The four socket one was bought specifically for my tank and this has never been connected to the assistant (who I get annoyed with sometimes') it is however connected to my smart phone so that I can control the pump and co2 by remote , again the socket is partially inaccessible but it does provide the ability to put a timer on the co2 

I am not sure how these devices will fair in the future but at the moment the 'smart' plugs seem to be a useful addition to the functionality of my home especially in less accessible places. As I have some responsibility for elderly and disabled people in my working life I can also see how properly setup devices like these can be a boon to their enjoyment of life , an example being if my elderly parents having to reach down to turn lights on and off when all they need to do is select the correct app on moms phone and press a button.

sorry if this seems like a ramble


----------



## jaypeecee (23 May 2020)

zozo said:


> But for home use, you must be extremely unlucky to have a naughty script kiddy living next door fooling around with your network for fun. It's quite a hassle to get in and fiddle around with someone's equipment.



Hi @zozo

That's fair enough but voice assistants are a different kettle of fish (pun intended). We're not talking about eavesdropping via WiFi and packet sniffing. No, this is audio via a microphone. And, if a voice assistant is connected to the internet, this provides two-way traffic, i.e. upload and download.
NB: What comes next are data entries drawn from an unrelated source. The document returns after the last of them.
lemma sum_deg_lap_eq_0:
  assumes "signed_graph V E sig"
  shows "(\<Sum>x\<in>V. deg V E x * lap V E g x) = 0"
proof -
  have fin: "finite V" and sym: "\<And>x y. E x y = E y x"
    using assms unfolding signed_graph_def by blast+
  have deg_lap: "deg V E x * lap V E g x = (\<Sum>y\<in>nbrs V E x. g y - g x)" for x
  proof (cases "deg V E x = 0")
    case True
    then have "nbrs V E x = {}" using finite_nbrs[OF assms] unfolding deg_def by auto
    then show ?thesis by (simp add: lap_eq_sum)
  qed (simp add: lap_eq_sum)
  have "(\<Sum>x\<in>V. deg V E x * lap V E g x) = (\<Sum>x\<in>V. \<Sum>y\<in>V. if E x y then g y - g x else 0)"
    unfolding deg_lap nbrs_def by (simp add: sum.inter_filter[OF fin])
  also have "\<dots> = (\<Sum>x\<in>V. \<Sum>y\<in>V. if E x y then g y else 0)
      - (\<Sum>x\<in>V. \<Sum>y\<in>V. if E x y then g x else 0)"
    by (simp add: sum_subtractf[symmetric] if_distrib cong: if_cong)
  also have "(\<Sum>x\<in>V. \<Sum>y\<in>V. if E x y then g y else 0) = (\<Sum>y\<in>V. \<Sum>x\<in>V. if E y x then g y else 0)"
    by (subst sum.swap) (simp add: sym)
  finally show ?thesis by simp
qed

locale signed_eigenfunction =
  fixes V :: "'a set" and E :: "'a \<Rightarrow> 'a \<Rightarrow> bool" and sig :: "'a \<Rightarrow> 'a \<Rightarrow> real"
    and f :: "'a \<Rightarrow> real" and lam :: real
  assumes graph: "signed_graph V E sig"
    and eigen: "\<forall>z\<in>V. - slap V E sig f z = lam * f z"
begin

lemma slap_eigen: "z \<in> V \<Longrightarrow> slap V E sig f z = - lam * f z"
  using eigen by auto

lemma sGamma2_eigen:
  assumes "z \<in> V"
  shows "sGamma2 V E sig f f z = 1/2 * lap V E (sGamma V E sig f f) z + lam * sGamma V E sig f f z"
proof -
  have "sGamma V E sig f (slap V E sig f) z = sGamma V E sig f (\<lambda>w. - lam * f w) z"
    by (rule sGamma_cong) (use assms slap_eigen in auto)
  then show ?thesis
    unfolding sGamma2_def sGamma_scale by (simp add: algebra_simps)
qed

lemma lap_square_eigen:
  assumes "z \<in> V"
  shows "lap V E (\<lambda>w. (f w)\<^sup>2) z = 2 * sGamma V E sig f f z - 2 * lam * (f z)\<^sup>2"
  unfolding sGamma_def using slap_eigen[OF assms] by (simp add: power2_eq_square algebra_simps)

lemma CD_sig_eigen:
  assumes "CD_sig V E sig K N" "z \<in> V"
  shows "sGamma2 V E sig f f z \<ge> invN N * lam\<^sup>2 * (f z)\<^sup>2 + K * sGamma V E sig f f z"
proof -
  have "sGamma2 V E sig f f z \<ge> invN N * (slap V E sig f z)\<^sup>2 + K * sGamma V E sig f f z"
    using assms unfolding CD_sig_def by blast
  then show ?thesis using slap_eigen[OF assms(2)] by (simp add: power_mult_distrib)
qed

lemma sum_deg_sGamma_eigen:
  "(\<Sum>z\<in>V. deg V E z * sGamma V E sig f f z) = lam * (\<Sum>z\<in>V. deg V E z * (f z)\<^sup>2)"
proof -
  have "0 = (\<Sum>z\<in>V. deg V E z * lap V E (\<lambda>w. (f w)\<^sup>2) z)"
    using sum_deg_lap_eq_0[OF graph] by simp
  also have "\<dots> = 2 * (\<Sum>z\<in>V. deg V E z * sGamma V E sig f f z)
      - 2 * lam * (\<Sum>z\<in>V. deg V E z * (f z)\<^sup>2)"
    by (simp add: lap_square_eigen algebra_simps sum_subtractf sum_distrib_left)
  finally show ?thesis by simp
qed

lemma sum_deg_sGamma2_eigen:
  "(\<Sum>z\<in>V. deg V E z * sGamma2 V E sig f f z) = lam\<^sup>2 * (\<Sum>z\<in>V. deg V E z * (f z)\<^sup>2)"
proof -
  have "(\<Sum>z\<in>V. deg V E z * sGamma2 V E sig f f z)
      = 1/2 * (\<Sum>z\<in>V. deg V E z * lap V E (sGamma V E sig f f) z)
        + lam * (\<Sum>z\<in>V. deg V E z * sGamma V E sig f f z)"
    by (simp add: sGamma2_eigen algebra_simps sum.distrib sum_distrib_left)
  then show ?thesis
    unfolding sum_deg_lap_eq_0[OF graph] sum_deg_sGamma_eigen by (simp add: power2_eq_square)
qed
So, data (digitized voice) can be sent over the internet to some remote location.

Anyway, enough said.

JPC


----------



## zozo (23 May 2020)

jaypeecee said:


> Hi @zozo
> 
> That's fair enough but voice assistants are a different kettle of fish (pun intended). We're not talking about eavesdropping via WiFi and packet sniffing. No, this is audio via a microphone. And, if a voice assistant is connected to the internet, this provides two-way traffic, i.e. upload and download. So, data (digitized voice) can be sent over the internet to some remote location.
> 
> ...



Don't forget your build in webcam...  Makes it even more digitally interesting... 



Just kidding, but the microphone is there in your PC or Phone wether you use it or not..


----------